Record set
(* Let $N\ge3$, $N=2g+1$ or $N=2g+2$ with $g\ge1$, constants $\alpha_1,\dots,\alpha_N$, $\alpha=\sum\alpha_n$, $\beta_n=\alpha_1+\cdots+\alpha_n$, $Q(\lambda)=(-1)^N\lambda\prod_{n=1}^{N-1}(\lambda+\beta_n)$. Let $v(x)$ satisfy $\dot v=\alpha/2$, and set $b_0=1$, $I_0=2v$ if $N=2g+1$, and $b_0=v$, $I_0=v^2+\sum_{n=1}^{2g+1}\beta_n$ if $N=2g+2$. Let $\lambda_1(x),\dots,\lambda_g(x)$ (pairwise distinct, nonzero for the division below) and $z_1(x),\dots,z_g(x)$ (nonzero) solve $\dot\lambda_j=z_j\,\partial H/\partial z_j$, $\dot z_j=-z_j\,\partial H/\partial\lambda_j$ with $H=\sum_{j}\frac{z_j+Q(\lambda_j)z_j^{-1}-I_0\lambda_j^g}{B'(\lambda_j)}$ ($N$ odd), resp. $H=\sum_{j}\frac{z_j+Q(\lambda_j)z_j^{-1}-2\lambda_j^{g+1}-I_0\lambda_j^g}{B'(\lambda_j)}$ ($N$ even). Define: $B(\lambda)=b_0\prod_{j=1}^g(\lambda-\lambda_j)=b_0\lambda^g+b_1\lambda^{g-1}+\cdots+b_g$; for $\ell=1,\dots,g$, $I_\ell=-\sum_{j=1}^g\frac{z_j+Q(\lambda_j)z_j^{-1}-I_0\lambda_j^g}{B'(\lambda_j)}\frac{\partial b_\ell}{\partial\lambda_j}$ ($N$ odd), resp. with numerator $z_j+Q(\lambda_j)z_j^{-1}-2\lambda_j^{g+1}-I_0\lambda_j^g$ ($N$ even); $P(\lambda)=I_0\lambda^g+\sum_{\ell=1}^gI_\ell\lambda^{g-\ell}$ ($N$ odd), resp. $P(\lambda)=2\lambda^{g+1}+I_0\lambda^g+\sum_{\ell=1}^g I_\ell\lambda^{g-\ell}$ ($N$ even); $A(\lambda)$ the unique polynomial of the form $a_0\lambda^g+a_1\lambda^{g-1}+\cdots+a_g$ with $a_0=I_0/2$ ($N$ odd), resp. $\lambda^{g+1}+a_0\lambda^g+\cdots+a_g$ with $a_0=\frac12(I_0-\frac{\alpha}{2})$ ($N$ even), such that $A(\lambda_j)=z_j$ for all $j$; $D(\lambda)=P(\lambda)-A(\lambda)$; $C(\lambda)=(A(\lambda)D(\lambda)-Q(\lambda))/B(\lambda)$. Then $C(\lambda)$ is a polynomial, $C(\lambda)=c_0\lambda^{g+1}+c_1\lambda^g+\cdots$, and with $u_1=-\dot a_0+c_1-b_1$ ($N$ odd), resp. $u_1=(-\dot a_0+c_1-b_1)/b_0$ ($N$ even), the functions satisfy $\dot A=C-B(\lambda+u_1)$, $\dot B=D-A$, $\dot C=(\lambda+\alpha+u_1)A-D(\lambda+u_1)$, $\dot D=(\lambda+\alpha+u_1)B-C$; i.e. $T(\lambda)=\begin{pmatrix}A&B\\C&D\end{pmatrix}$ satisfies $\dot T(\lambda)=U_1(\lambda+\alpha)T(\lambda)-T(\lambda)U_1(\lambda)$ with $U_1(\lambda)=\begin{pmatrix}0&1\\ \lambda+u_1&0\end{pmatrix}$.
   Context: Dot denotes $d/dx$; $B'(\lambda_j)=b_0\prod_{k\ne j}(\lambda_j-\lambda_k)$, and the coefficients $b_\ell$ of $B$ are regarded as functions of $\lambda_1,\dots,\lambda_g$ (and $b_0$). This is the reconstruction of the transition matrix of the periodic dressing chain (whose Lax equation is $\dot T=U_1(\lambda+\alpha)T-TU_1(\lambda)$) from its spectral Hamiltonian system. *)

theory Defs
  imports "HOL-Analysis.Analysis" "HOL-Computational_Algebra.Polynomial"
begin

text \<open>Periodic dressing chain with period N, N = 2g+1 or N = 2g+2.
 Indices: alpha_n for n = 1..N; lambda_j, z_j for j = 0..g-1 (0-based).\<close>

definition alpha_tot :: "nat \<Rightarrow> (nat \<Rightarrow> complex) \<Rightarrow> complex" where
  "alpha_tot N al = (\<Sum>n=1..N. al n)"

definition betaN :: "(nat \<Rightarrow> complex) \<Rightarrow> nat \<Rightarrow> complex" where
  "betaN al n = (\<Sum>k=1..n. al k)"

definition Qpoly :: "nat \<Rightarrow> (nat \<Rightarrow> complex) \<Rightarrow> complex poly" where
  "Qpoly N al = smult ((-1)^N) ([:0, 1:] * (\<Prod>n\<in>{1..N-1}. [:betaN al n, 1:]))"

definition b0fun :: "nat \<Rightarrow> complex \<Rightarrow> complex" where
  "b0fun N v = (if odd N then 1 else v)"

definition I0fun :: "nat \<Rightarrow> nat \<Rightarrow> (nat \<Rightarrow> complex) \<Rightarrow> complex \<Rightarrow> complex" where
  "I0fun N g al v = (if odd N then 2 * v else v^2 + (\<Sum>n=1..2*g+1. betaN al n))"

definition Bpoly :: "nat \<Rightarrow> complex \<Rightarrow> (nat \<Rightarrow> complex) \<Rightarrow> complex poly" where
  "Bpoly g b0 lam = smult b0 (\<Prod>j<g. [:- lam j, 1:])"

definition bcoef :: "nat \<Rightarrow> complex \<Rightarrow> (nat \<Rightarrow> complex) \<Rightarrow> nat \<Rightarrow> complex" where
  "bcoef g b0 lam l = coeff (Bpoly g b0 lam) (g - l)"

definition Bprime :: "nat \<Rightarrow> complex \<Rightarrow> (nat \<Rightarrow> complex) \<Rightarrow> nat \<Rightarrow> complex" where
  "Bprime g b0 lam j = b0 * (\<Prod>k\<in>{..<g} - {j}. lam j - lam k)"

definition numer :: "nat \<Rightarrow> nat \<Rightarrow> (nat \<Rightarrow> complex) \<Rightarrow> complex \<Rightarrow> (nat \<Rightarrow> complex)
    \<Rightarrow> (nat \<Rightarrow> complex) \<Rightarrow> nat \<Rightarrow> complex" where
  "numer N g al I0 lam z j =
     z j + poly (Qpoly N al) (lam j) / z j
     - (if odd N then 0 else 2 * lam j ^ (g+1)) - I0 * lam j ^ g"

definition Ham :: "nat \<Rightarrow> nat \<Rightarrow> (nat \<Rightarrow> complex) \<Rightarrow> complex \<Rightarrow> complex \<Rightarrow> (nat \<Rightarrow> complex)
    \<Rightarrow> (nat \<Rightarrow> complex) \<Rightarrow> complex" where
  "Ham N g al b0 I0 lam z = (\<Sum>j<g. numer N g al I0 lam z j / Bprime g b0 lam j)"

definition dH_dz :: "nat \<Rightarrow> nat \<Rightarrow> (nat \<Rightarrow> complex) \<Rightarrow> complex \<Rightarrow> complex \<Rightarrow> (nat \<Rightarrow> complex)
    \<Rightarrow> (nat \<Rightarrow> complex) \<Rightarrow> nat \<Rightarrow> complex" where
  "dH_dz N g al b0 I0 lam z j = deriv (\<lambda>t. Ham N g al b0 I0 lam (z(j := t))) (z j)"

definition dH_dlam :: "nat \<Rightarrow> nat \<Rightarrow> (nat \<Rightarrow> complex) \<Rightarrow> complex \<Rightarrow> complex \<Rightarrow> (nat \<Rightarrow> complex)
    \<Rightarrow> (nat \<Rightarrow> complex) \<Rightarrow> nat \<Rightarrow> complex" where
  "dH_dlam N g al b0 I0 lam z j = deriv (\<lambda>t. Ham N g al b0 I0 (lam(j := t)) z) (lam j)"

definition Icoef :: "nat \<Rightarrow> nat \<Rightarrow> (nat \<Rightarrow> complex) \<Rightarrow> complex \<Rightarrow> complex \<Rightarrow> (nat \<Rightarrow> complex)
    \<Rightarrow> (nat \<Rightarrow> complex) \<Rightarrow> nat \<Rightarrow> complex" where
  "Icoef N g al b0 I0 lam z l =
     - (\<Sum>j<g. numer N g al I0 lam z j / Bprime g b0 lam j
                * deriv (\<lambda>t. bcoef g b0 (lam(j := t)) l) (lam j))"

definition Ppoly :: "nat \<Rightarrow> nat \<Rightarrow> (nat \<Rightarrow> complex) \<Rightarrow> complex \<Rightarrow> complex \<Rightarrow> (nat \<Rightarrow> complex)
    \<Rightarrow> (nat \<Rightarrow> complex) \<Rightarrow> complex poly" where
  "Ppoly N g al b0 I0 lam z =
     (if odd N then 0 else monom 2 (g+1)) + monom I0 g
     + (\<Sum>l=1..g. monom (Icoef N g al b0 I0 lam z l) (g - l))"

definition Apoly :: "nat \<Rightarrow> nat \<Rightarrow> (nat \<Rightarrow> complex) \<Rightarrow> complex \<Rightarrow> (nat \<Rightarrow> complex)
    \<Rightarrow> (nat \<Rightarrow> complex) \<Rightarrow> complex poly" where
  "Apoly N g al I0 lam z = (THE p.
     (if odd N then degree p \<le> g \<and> coeff p g = I0 / 2
      else degree p \<le> g + 1 \<and> coeff p (g+1) = 1 \<and> coeff p g = (I0 - alpha_tot N al / 2) / 2)
     \<and> (\<forall>j<g. poly p (lam j) = z j))"

definition Bx :: "nat \<Rightarrow> nat \<Rightarrow> (real \<Rightarrow> complex) \<Rightarrow> (real \<Rightarrow> nat \<Rightarrow> complex) \<Rightarrow> real \<Rightarrow> complex poly" where
  "Bx N g v lam x = Bpoly g (b0fun N (v x)) (lam x)"

definition Ax :: "nat \<Rightarrow> nat \<Rightarrow> (nat \<Rightarrow> complex) \<Rightarrow> (real \<Rightarrow> complex) \<Rightarrow> (real \<Rightarrow> nat \<Rightarrow> complex)
    \<Rightarrow> (real \<Rightarrow> nat \<Rightarrow> complex) \<Rightarrow> real \<Rightarrow> complex poly" where
  "Ax N g al v lam z x = Apoly N g al (I0fun N g al (v x)) (lam x) (z x)"

definition Px :: "nat \<Rightarrow> nat \<Rightarrow> (nat \<Rightarrow> complex) \<Rightarrow> (real \<Rightarrow> complex) \<Rightarrow> (real \<Rightarrow> nat \<Rightarrow> complex)
    \<Rightarrow> (real \<Rightarrow> nat \<Rightarrow> complex) \<Rightarrow> real \<Rightarrow> complex poly" where
  "Px N g al v lam z x = Ppoly N g al (b0fun N (v x)) (I0fun N g al (v x)) (lam x) (z x)"

definition Dx :: "nat \<Rightarrow> nat \<Rightarrow> (nat \<Rightarrow> complex) \<Rightarrow> (real \<Rightarrow> complex) \<Rightarrow> (real \<Rightarrow> nat \<Rightarrow> complex)
    \<Rightarrow> (real \<Rightarrow> nat \<Rightarrow> complex) \<Rightarrow> real \<Rightarrow> complex poly" where
  "Dx N g al v lam z x = Px N g al v lam z x - Ax N g al v lam z x"

text \<open>C = (A D - Q) / B (exact division when B divides A D - Q)\<close>
definition Cx :: "nat \<Rightarrow> nat \<Rightarrow> (nat \<Rightarrow> complex) \<Rightarrow> (real \<Rightarrow> complex) \<Rightarrow> (real \<Rightarrow> nat \<Rightarrow> complex)
    \<Rightarrow> (real \<Rightarrow> nat \<Rightarrow> complex) \<Rightarrow> real \<Rightarrow> complex poly" where
  "Cx N g al v lam z x =
     (Ax N g al v lam z x * Dx N g al v lam z x - Qpoly N al) div Bx N g v lam x"

definition u1x :: "nat \<Rightarrow> nat \<Rightarrow> (nat \<Rightarrow> complex) \<Rightarrow> (real \<Rightarrow> complex) \<Rightarrow> (real \<Rightarrow> nat \<Rightarrow> complex)
    \<Rightarrow> (real \<Rightarrow> nat \<Rightarrow> complex) \<Rightarrow> real \<Rightarrow> complex" where
  "u1x N g al v lam z x =
     (- vector_derivative (\<lambda>y. coeff (Ax N g al v lam z y) g) (at x)
      + coeff (Cx N g al v lam z x) g - coeff (Bx N g v lam x) (g - 1))
     / (if odd N then 1 else b0fun N (v x))"

end

theory Submission
  imports Defs
begin

(* Everything is checked at a fixed x, where each x-derivative of A, B, C, D, P is a polynomial
   of degree at most g + 1 (it exists because the values of the family at g + 2 fixed points are
   differentiable and determine it linearly) and is therefore determined by its two top
   coefficients and its values at the g distinct nodes lambda_j.
   The interpolation data give A(lambda_j) = z_j and P(lambda_j) = z_j + Q(lambda_j)/z_j, so
   A D - Q vanishes at the roots of B and C is a polynomial. Hamilton's equations read
   B'(lambda_j) lambda_j^. = z_j - Q(lambda_j)/z_j and B'(lambda_j) z_j^. = z_j P'(lambda_j) - Q'(lambda_j)
   (dot = d/dx, prime = d/dlambda). Differentiating B(lambda_j) = 0, A(lambda_j) = z_j and
   P(lambda_j) z_j = z_j^2 + Q(lambda_j) along the flow gives B^. = D - A, P^. = alpha B and
   A^. = C - B (lambda + u_1) at the nodes, the top coefficients match by direct computation,
   and differentiating B C = A D - Q then yields C^. and D^. = P^. - A^. . *)

section \<open>Polynomial algebra and Lagrange interpolation\<close>

lemma poly_eqI_high_coeffs:
  fixes p q :: "'a::{comm_ring_1,ring_no_zero_divisors} poly"
  assumes "finite A" and high: "\<And>i. card A \<le> i \<Longrightarrow> coeff p i = coeff q i"
    and nodes: "\<And>x. x \<in> A \<Longrightarrow> poly p x = poly q x"
  shows "p = q"
proof (cases "card A = 0")
  case True
  then show ?thesis using high by (auto intro: poly_eqI)
next
  case False
  have "degree (p - q) < card A"
    using False high by (intro degree_lessI) auto
  then have "p - q = 0"
    using nodes by (intro poly_eqI_degree[of A]) auto
  then show ?thesis by simp
qed

lemma degree_prod_linear_le:
  "degree (\<Prod>i\<in>J. [:c i, 1::'a::comm_semiring_1:]) \<le> card J"
proof (cases "finite J")
  case True
  show ?thesis
    by (rule order.trans[OF degree_prod_sum_le[OF True]]) simp
qed simp

lemma monic_prod_linear_coeffs:
  fixes c :: "'b \<Rightarrow> 'a::comm_ring_1"
  assumes "finite A" "A \<noteq> {}"
  shows "degree (\<Prod>n\<in>A. [:c n, 1:]) = card A" "coeff (\<Prod>n\<in>A. [:c n, 1:]) (card A) = 1"
    "coeff (\<Prod>n\<in>A. [:c n, 1:]) (card A - 1) = (\<Sum>n\<in>A. c n)"
proof -
  have "degree (\<Prod>n\<in>A. [:c n, 1:]) = card A \<and> coeff (\<Prod>n\<in>A. [:c n, 1:]) (card A) = 1
     \<and> coeff (\<Prod>n\<in>A. [:c n, 1:]) (card A - 1) = (\<Sum>n\<in>A. c n)"
    using assms
  proof (induction A rule: finite_ne_induct)
    case (insert a A)
    define P where "P = (\<Prod>n\<in>A. [:c n, 1:])"
    obtain m where m: "card A = Suc m" using insert.hyps by (cases "card A") auto
    have IH: "degree P = Suc m" "coeff P (Suc m) = 1" "coeff P m = (\<Sum>n\<in>A. c n)"
      using insert.IH m by (auto simp: P_def)
    have prod: "(\<Prod>n\<in>insert a A. [:c n, 1:]) = smult (c a) P + pCons 0 P"
      using insert.hyps by (simp add: P_def mult_pCons_left)
    have top: "coeff (smult (c a) P + pCons 0 P) (Suc (Suc m)) = 1"
      using IH by (simp add: coeff_eq_0)
    have "degree (smult (c a) P + pCons 0 P) \<le> Suc (Suc m)"
      using IH by (intro degree_add_le) (auto intro: order.trans[OF degree_smult_le])
    moreover have "Suc (Suc m) \<le> degree (smult (c a) P + pCons 0 P)"
      by (rule le_degree) (use top in simp)
    ultimately show ?case
      using insert.hyps m IH top by (simp add: prod)
  qed simp
  then show "degree (\<Prod>n\<in>A. [:c n, 1:]) = card A" "coeff (\<Prod>n\<in>A. [:c n, 1:]) (card A) = 1"
    "coeff (\<Prod>n\<in>A. [:c n, 1:]) (card A - 1) = (\<Sum>n\<in>A. c n)" by auto
qed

Problem to solve
Scan the material above. Copy each line that holds the word "nodes".

Worked solution
   coefficients and its values at the g distinct nodes lambda_j.
   A^. = C - B (lambda + u_1) at the nodes, the top coefficients match by direct computation,
    and nodes: "\<And>x. x \<in> A \<Longrightarrow> poly p x = poly q x"
    using nodes by (intro poly_eqI_degree[of A]) auto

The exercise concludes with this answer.